The interplay between found and applied materials informs the artwork on multiple levels creating a push and pull of awareness. Hackett’s use of color and gestural form reflects a lineage reminiscent of Fauvist painters like Edvard Munch and André Derain, whose work blurred the lines between representation and emotional truth. She explains, “Once I have established a consistency, acknowledged its physical boundaries, and set up the parameters for instability, all the possibilities open up.”
Each scene is framed in a ghostly, ephemeral yellow, creating a window into the landscape. In Hans Belting’s Florence & Baghdad: Renaissance Art and Arab Science, he notes that “Windows, and the view from them are inseparably linked in Western culture.” In Hackett’s work, this inviting compositional device quickly betrays the casual viewer, as her consistent defiance of spatial logic demands a slow deliberation and an abandonment of the human gaze as the determinate marker of perception. This at-arms-length viewing experience allows for the projection of personal narratives, creating a visual reciprocity between the maker (painter) and the observer which expands the concept of time.
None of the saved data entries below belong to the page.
(* Let $\mathbf{X}\subseteq\mathbb{R}_+^n$ be an interval and let $\mathrm{IC}(\mathbf{a}_0,\dots,\mathbf{a}_{n-1})$ be an interval circulant matrix containing $\hat A$. Then $\mathrm{IC}(\mathbf{a}_0,\dots,\mathbf{a}_{n-1})$ is possibly $\mathbf{X}$-robust, i.e. there exists $A\in\mathrm{IC}(\mathbf{a}_0,\dots,\mathbf{a}_{n-1})$ with $x\in\mathrm{Attr}(A)$ for all $x\in\mathbf{X}$, if and only if $x^{(i)}\in\mathrm{Attr}(\hat A)$ for all $i\in\{1,\dots,n\}$.
   Context: Max algebra on $\mathbb{R}_+$: $\oplus=\max$, ordinary product, $A^t$ max-algebraic power; $\lambda(A)$ greatest max-algebraic eigenvalue (maximum cycle geometric mean); $\mathrm{Attr}(A)=\{x\in\mathbb{R}_+^n: A^{t+1}\otimes x=\lambda(A)A^t\otimes x\text{ for some } t\ge0\}$. An interval $\mathbf{X}=\prod_i\mathbf{X}_i$ has each $\mathbf{X}_i\subseteq\mathbb{R}_+$ nonempty of one of the forms $[\underline{x}_i,\overline{x}_i]$, $(\underline{x}_i,\overline{x}_i)$, $(\underline{x}_i,\overline{x}_i]$, $[\underline{x}_i,\overline{x}_i)$; $x^{(k)}=(\underline{x}_1,\dots,\underline{x}_{k-1},\overline{x}_k,\underline{x}_{k+1},\dots,\underline{x}_n)$. $\mathrm{Circ}(a_0,\dots,a_{n-1})$ has entries $A_{i,j}=a_t$, $t\equiv j-i\pmod n$, $t\in\{0,..,n-1\}$; the interval circulant matrix $\mathrm{IC}(\mathbf{a}_0,\dots,\mathbf{a}_{n-1})$ is the set of all $\mathrm{Circ}(a_0,\dots,a_{n-1})$ with $a_t\in\mathbf{a}_t$, each $\mathbf{a}_t\subseteq\mathbb{R}_+$ a nonempty interval of one of the four forms with endpoints $\underline a_t\le\overline a_t$. $\underline a=\max_k\underline a_k$, $\hat A=\mathrm{Circ}(\hat a_0,\dots,\hat a_{n-1})$ with $\hat a_i=\min\{\underline a,\overline a_i\}$. *)

theory Defs
  imports Complex_Main
begin

text \<open>Square matrices of size n are functions
  nat \<Rightarrow> nat \<Rightarrow> real, vectors are functions nat \<Rightarrow> real; only indices below n
  matter. Indices are 0-based (paper: 1..n).\<close>

definition mx_mult :: "nat \<Rightarrow> (nat \<Rightarrow> nat \<Rightarrow> real) \<Rightarrow> (nat \<Rightarrow> nat \<Rightarrow> real) \<Rightarrow> (nat \<Rightarrow> nat \<Rightarrow> real)" where
  "mx_mult n A B = (\<lambda>i j. Max ((\<lambda>k. A i k * B k j) ` {0..<n}))"

definition mx_id :: "nat \<Rightarrow> nat \<Rightarrow> real" where
  "mx_id = (\<lambda>i j. if i = j then 1 else 0)"

fun mx_pow :: "nat \<Rightarrow> (nat \<Rightarrow> nat \<Rightarrow> real) \<Rightarrow> nat \<Rightarrow> (nat \<Rightarrow> nat \<Rightarrow> real)" where
  "mx_pow n A 0 = mx_id"
| "mx_pow n A (Suc t) = mx_mult n A (mx_pow n A t)"

definition mx_vec :: "nat \<Rightarrow> (nat \<Rightarrow> nat \<Rightarrow> real) \<Rightarrow> (nat \<Rightarrow> real) \<Rightarrow> (nat \<Rightarrow> real)" where
  "mx_vec n A x = (\<lambda>i. Max ((\<lambda>k. A i k * x k) ` {0..<n}))"

text \<open>Greatest max-algebraic eigenvalue = maximum cycle geometric mean
  (over all closed walks of length k, 1 \<le> k \<le> n).\<close>
definition mx_lambda :: "nat \<Rightarrow> (nat \<Rightarrow> nat \<Rightarrow> real) \<Rightarrow> real" where
  "mx_lambda n A = Max {root k (\<Prod>j<k. A (c j) (c (Suc j mod k))) | k c.
      1 \<le> k \<and> k \<le> n \<and> (\<forall>j<k. c j < n)}"

definition nonneg_vec :: "nat \<Rightarrow> (nat \<Rightarrow> real) set" where
  "nonneg_vec n = {x. \<forall>i<n. 0 \<le> x i}"

definition Attr :: "nat \<Rightarrow> (nat \<Rightarrow> nat \<Rightarrow> real) \<Rightarrow> (nat \<Rightarrow> real) set" where
  "Attr n A = {x. x \<in> nonneg_vec n \<and> (\<exists>t::nat. \<forall>i<n.
      mx_vec n (mx_pow n A (Suc t)) x i = mx_lambda n A * mx_vec n (mx_pow n A t) x i)}"

definition ivl :: "real \<Rightarrow> real \<Rightarrow> bool \<Rightarrow> bool \<Rightarrow> real set" where
  "ivl lo hi cl cr = {x. (if cl then lo \<le> x else lo < x) \<and> (if cr then x \<le> hi else x < hi)}"

definition ivl_ok :: "real \<Rightarrow> real \<Rightarrow> bool \<Rightarrow> bool \<Rightarrow> bool" where
  "ivl_ok lo hi cl cr \<longleftrightarrow> 0 \<le> lo \<and> lo \<le> hi \<and> ivl lo hi cl cr \<noteq> {}"

definition box :: "nat \<Rightarrow> (nat \<Rightarrow> real) \<Rightarrow> (nat \<Rightarrow> real) \<Rightarrow> (nat \<Rightarrow> bool) \<Rightarrow> (nat \<Rightarrow> bool) \<Rightarrow> (nat \<Rightarrow> real) set" where
  "box n lo hi cl cr = {x. \<forall>i<n. x i \<in> ivl (lo i) (hi i) (cl i) (cr i)}"

text \<open>x^(k): upper endpoint in coordinate k, lower endpoints elsewhere.\<close>
definition xk :: "(nat \<Rightarrow> real) \<Rightarrow> (nat \<Rightarrow> real) \<Rightarrow> nat \<Rightarrow> (nat \<Rightarrow> real)" where
  "xk lo hi k = (\<lambda>i. if i = k then hi i else lo i)"

definition circ :: "nat \<Rightarrow> (nat \<Rightarrow> real) \<Rightarrow> (nat \<Rightarrow> nat \<Rightarrow> real)" where
  "circ n a = (\<lambda>i j. a ((j + n - i) mod n))"

definition IC :: "nat \<Rightarrow> (nat \<Rightarrow> real) \<Rightarrow> (nat \<Rightarrow> real) \<Rightarrow> (nat \<Rightarrow> bool) \<Rightarrow> (nat \<Rightarrow> bool) \<Rightarrow> (nat \<Rightarrow> nat \<Rightarrow> real) set" where
  "IC n alo ahi acl acr = {circ n a | a. \<forall>t<n. a t \<in> ivl (alo t) (ahi t) (acl t) (acr t)}"

definition hatA :: "nat \<Rightarrow> (nat \<Rightarrow> real) \<Rightarrow> (nat \<Rightarrow> real) \<Rightarrow> (nat \<Rightarrow> nat \<Rightarrow> real)" where
  "hatA n alo ahi = circ n (\<lambda>i. min (Max (alo ` {0..<n})) (ahi i))"

end

theory Submission
  imports Defs
begin

(*
  For a circulant A = Circ a whose largest entry is a_k, a heaviest walk of length m + 1 >= n
  contains, by pigeonhole on its partial sums, a segment of offsets summing to (its length) * k
  modulo n; trading it for k-steps shows A^(m+1) x = a_k * (A^m x rotated by k). Hence x lies in
  Attr(A) iff A^(n-1) x is invariant under rotation by k.

  For A = Circ a in the interval matrix, hat a is maximal at the same position k and satisfies
  hat a_k * a <= a_k * hat a. Therefore a_k * hatA^(N+1) = hat a_k * hatA^N A for N >= n - 1,
  which transfers rotation invariance from A to hatA, so Attr(A) is contained in Attr(hatA).
  Being attracted at the fixed time n - 1 is a closed condition and the corners x^(i) are limits
  of points of X; so if X lies in Attr(A), the corners lie in Attr(hatA). Conversely Attr(hatA)
  is closed under max-combinations (all members are attracted at a common time), and each x in X
  is the max-combination of the corners with coefficients x_i / xhi_i.
*)

lemma Max_mult_commute:
  fixes f :: "'a \<Rightarrow> real"
  assumes "finite S" "S \<noteq> {}" "0 \<le> c"
  shows "Max ((\<lambda>x. c * f x) ` S) = c * Max (f ` S)"
proof -
  have "(\<lambda>x. c * f x) ` S = (*) c ` f ` S" by auto
  also have "Max \<dots> = c * Max (f ` S)"
    using assms by (intro hom_Max_commute[symmetric]) (auto simp: max_def mult_left_mono)
  finally show ?thesis .
qed

lemma Max_Max_le_swap:
  fixes f :: "'a \<Rightarrow> 'b \<Rightarrow> 'c::linorder"
  assumes "finite I" "I \<noteq> {}" "finite J" "J \<noteq> {}"
  shows "Max ((\<lambda>i. Max (f i ` J)) ` I) \<le> Max ((\<lambda>j. Max ((\<lambda>i. f i j) ` I)) ` J)"
proof -
  have "f i j \<le> Max ((\<lambda>j. Max ((\<lambda>i. f i j) ` I)) ` J)" if "i \<in> I" "j \<in> J" for i j
    using assms that by (meson Max_ge finite_imageI imageI order_trans)
  then show ?thesis
    using assms by simp
qed

lemma Max_Max_swap:
  fixes f :: "'a \<Rightarrow> 'b \<Rightarrow> 'c::linorder"
  assumes "finite I" "I \<noteq> {}" "finite J" "J \<noteq> {}"
  shows "Max ((\<lambda>i. Max (f i ` J)) ` I) = Max ((\<lambda>j. Max ((\<lambda>i. f i j) ` I)) ` J)"
  using Max_Max_le_swap[OF assms] Max_Max_le_swap[OF assms(3,4,1,2), of "\<lambda>j i. f i j"]
  by (rule antisym)

section \<open>Max-algebraic matrix-vector products\<close>

definition nonneg_mat :: "nat \<Rightarrow> (nat \<Rightarrow> nat \<Rightarrow> real) \<Rightarrow> bool" where
  "nonneg_mat n M \<longleftrightarrow> (\<forall>i<n. \<forall>k<n. 0 \<le> M i k)"

abbreviation mx_iter :: "nat \<Rightarrow> (nat \<Rightarrow> nat \<Rightarrow> real) \<Rightarrow> nat \<Rightarrow> (nat \<Rightarrow> real) \<Rightarrow> nat \<Rightarrow> real" where
  "mx_iter n M t x \<equiv> mx_vec n (mx_pow n M t) x"

lemma mx_vec_cong: "(\<And>k. k < n \<Longrightarrow> y k = y' k) \<Longrightarrow> mx_vec n M y = mx_vec n M y'"
  unfolding mx_vec_def by (intro ext arg_cong[where f = Max] image_cong) auto

lemma mx_vec_ge: "k < n \<Longrightarrow> M i k * y k \<le> mx_vec n M y i"
  unfolding mx_vec_def by (intro Max_ge) auto

lemma mx_vec_nonneg:
  assumes "1 \<le> n" "nonneg_mat n M" "y \<in> nonneg_vec n"
  shows "mx_vec n M y \<in> nonneg_vec n"
  unfolding nonneg_vec_def mem_Collect_eq
proof (intro allI impI)
  fix i assume "i < n"
  then have "0 \<le> M i 0 * y 0"
    using assms by (simp add: nonneg_mat_def nonneg_vec_def)
  also have "\<dots> \<le> mx_vec n M y i"
    using assms by (intro mx_vec_ge) auto
  finally show "0 \<le> mx_vec n M y i" .
qed

lemma mx_vec_scale:
  assumes "1 \<le> n" "0 \<le> c"
  shows "mx_vec n M (\<lambda>k. c * y k) i = c * mx_vec n M y i"
  unfolding mx_vec_def using assms
  by (subst Max_mult_commute[symmetric]) (auto simp: mult.left_commute)

lemma mx_vec_mono:
  assumes "1 \<le> n" "nonneg_mat n M" "i < n" "\<And>k. k < n \<Longrightarrow> y k \<le> y' k"
  shows "mx_vec n M y i \<le> mx_vec n M y' i"
proof -
  have "M i k * y k \<le> mx_vec n M y' i" if "k < n" for k
    using assms that by (intro order_trans[OF mult_left_mono mx_vec_ge]) (auto simp: nonneg_mat_def)
  then show ?thesis
    using assms(1) by (simp add: mx_vec_def[of n M y])
qed

lemma mx_vec_Max_comb:
  assumes "1 \<le> n" "nonneg_mat n M" "i < n" "finite J" "J \<noteq> {}" "\<And>j. j \<in> J \<Longrightarrow> 0 \<le> c j"
  shows "mx_vec n M (\<lambda>k. Max ((\<lambda>j. c j * v j k) ` J)) i = Max ((\<lambda>j. c j * mx_vec n M (v j) i) ` J)"
proof -
  have "mx_vec n M (\<lambda>k. Max ((\<lambda>j. c j * v j k) ` J)) i
      = Max ((\<lambda>k. Max ((\<lambda>j. M i k * (c j * v j k)) ` J)) ` {0..<n})"
    unfolding mx_vec_def using assms
    by (intro arg_cong[where f = Max] image_cong refl, subst Max_mult_commute)
       (auto simp: nonneg_mat_def)
  also have "\<dots> = Max ((\<lambda>j. Max ((\<lambda>k. M i k * (c j * v j k)) ` {0..<n})) ` J)"
    using assms by (intro Max_Max_swap) auto
  also have "\<dots> = Max ((\<lambda>j. c j * mx_vec n M (v j) i) ` J)"
    unfolding mx_vec_def using assms
    by (intro arg_cong[where f = Max] image_cong refl, subst Max_mult_commute[symmetric])
       (auto simp: mult.left_commute)
  finally show ?thesis .
qed

lemma mx_vec_mx_mult:
  assumes "1 \<le> n" "nonneg_mat n A" "nonneg_mat n B" "y \<in> nonneg_vec n" "i < n"
  shows "mx_vec n (mx_mult n A B) y i = mx_vec n A (mx_vec n B y) i"
proof -
  have "Max ((\<lambda>l. A i l * B l k) ` {0..<n}) * y k = Max ((\<lambda>l. A i l * B l k * y k) ` {0..<n})"
    if "k < n" for k
    using Max_mult_commute[of "{0..<n}" "y k" "\<lambda>l. A i l * B l k"] assms that
    by (simp add: nonneg_vec_def mult.commute)
  then have "mx_vec n (mx_mult n A B) y i = Max ((\<lambda>k. Max ((\<lambda>l. A i l * B l k * y k) ` {0..<n})) ` {0..<n})"
    unfolding mx_vec_def mx_mult_def by (intro arg_cong[where f = Max] image_cong) auto
  also have "\<dots> = Max ((\<lambda>l. Max ((\<lambda>k. A i l * B l k * y k) ` {0..<n})) ` {0..<n})"
    using assms by (intro Max_Max_swap) auto
  also have "\<dots> = mx_vec n A (mx_vec n B y) i"
    unfolding mx_vec_def using assms
    by (intro arg_cong[where f = Max] image_cong refl, subst Max_mult_commute[symmetric])
       (auto simp: nonneg_mat_def mult.assoc)
  finally show ?thesis .
qed

lemma nonneg_mat_mx_pow:
  assumes "nonneg_mat n M"
  shows "nonneg_mat n (mx_pow n M t)"
proof (induction t)
  case 0
  show ?case by (simp add: nonneg_mat_def mx_id_def)
next
  case (Suc t)
  show ?case unfolding nonneg_mat_def
  proof (intro allI impI)
    fix i k assume "i < n" "k < n"
    then have "0 \<le> M i 0 * mx_pow n M t 0 k"
      using assms Suc by (simp add: nonneg_mat_def)
    also have "\<dots> \<le> mx_pow n M (Suc t) i k"
      using \<open>i < n\<close> by (auto simp: mx_mult_def intro: Max_ge)
    finally show "0 \<le> mx_pow n M (Suc t) i k" .
  qed
qed

lemma mx_iter_0: "y \<in> nonneg_vec n \<Longrightarrow> i < n \<Longrightarrow> mx_iter n M 0 y i = y i"
  unfolding mx_vec_def nonneg_vec_def by (intro Max_eqI) (force simp: mx_id_def)+

lemma mx_iter_Suc:
  assumes "1 \<le> n" "nonneg_mat n M" "y \<in> nonneg_vec n" "i < n"
  shows "mx_iter n M (Suc t) y i = mx_vec n M (mx_iter n M t y) i"
  using mx_vec_mx_mult[OF assms(1,2) nonneg_mat_mx_pow[OF assms(2)] assms(3,4)] by simp

lemma mx_iter_nonneg:
  "1 \<le> n \<Longrightarrow> nonneg_mat n M \<Longrightarrow> y \<in> nonneg_vec n \<Longrightarrow> mx_iter n M t y \<in> nonneg_vec n"
  by (intro mx_vec_nonneg nonneg_mat_mx_pow)

lemma mx_iter_Suc':
  assumes "1 \<le> n" "nonneg_mat n M" "y \<in> nonneg_vec n" "i < n"
  shows "mx_iter n M (Suc t) y i = mx_iter n M t (mx_vec n M y) i"
  using assms(4)
proof (induction t arbitrary: i)
  case 0
  have "mx_vec n M (mx_iter n M 0 y) = mx_vec n M y"
    using mx_iter_0[OF assms(3)] by (intro mx_vec_cong) auto
  then show ?case
    using mx_iter_Suc[OF assms(1-3) 0, of 0] mx_iter_0[OF mx_vec_nonneg[OF assms(1-3)] 0] by simp
next
  case (Suc t)
  have "mx_iter n M (Suc (Suc t)) y i = mx_vec n M (mx_iter n M (Suc t) y) i"
    using mx_iter_Suc[OF assms(1-3) Suc.prems] .
  also have "\<dots> = mx_vec n M (mx_iter n M t (mx_vec n M y)) i"
    by (simp only: mx_vec_cong[OF Suc.IH])
  also have "\<dots> = mx_iter n M (Suc t) (mx_vec n M y) i"
    using mx_iter_Suc[OF assms(1,2) mx_vec_nonneg[OF assms(1-3)] Suc.prems] by simp
  finally show ?case .
qed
Opposite the sequence of works on panel is a monumental 12-foot painting on stretched dropcloth. Entitled Wandering (2023), the expansive work, while using the same visual language and compositional devices, is straightforward and guttural in its approach, underscoring the physicality inherent to Hackett’s practice. For Hackett, the utilitarian nature of the drop cloth connects back to her twenties spent sailing around the world. The urgency of paint staining a raw surface is akin to how the canvas responds to the unpredictability of nature.
The Scenic Route is a simmering and somewhat cautionary tale about visual perception as an unreliable narrator. It encourages viewers to reconsider their relationship with landscapes—both real and imagined. By engaging with the layers of Hackett’s work, we are prompted to question the inherent biases and assumptions that come with observation. Hackett invites us to reflect on how our interpretations of landscapes are not merely passive observations but active engagements with the complexities of our world and the ways we choose to navigate our existence within it.
Theresa Hackett received her BFA from College of Creative Studies, University of California, Santa Barbara and her MFA at Hunter College, New York. She has participated in over 100 group shows including The Weatherspoon Art Museum, Art, Design & Architecture Museum, UCSB, Santa Barbara, Ca., Contemporary Art Museum Baltimore, The Islip Museum and video screenings at The Parish Art Museum and Mass MoCA. She is a twice recipient of the Pollock Krasner Grant, a New York Foundation Grant, and Joan Mitchell award nominee. Current residencies include the Siena Art Institute, Siena, Italy; the Bogliasco Foundation, Genoa, Italy; and MacDowell Residency, New York, NY. Her work has been reviewed in Hyperallergic, Art in America, Artnet, The New York Times, The American Scholar, Two Coats of Paint, and Zing Magazine amongst other publications.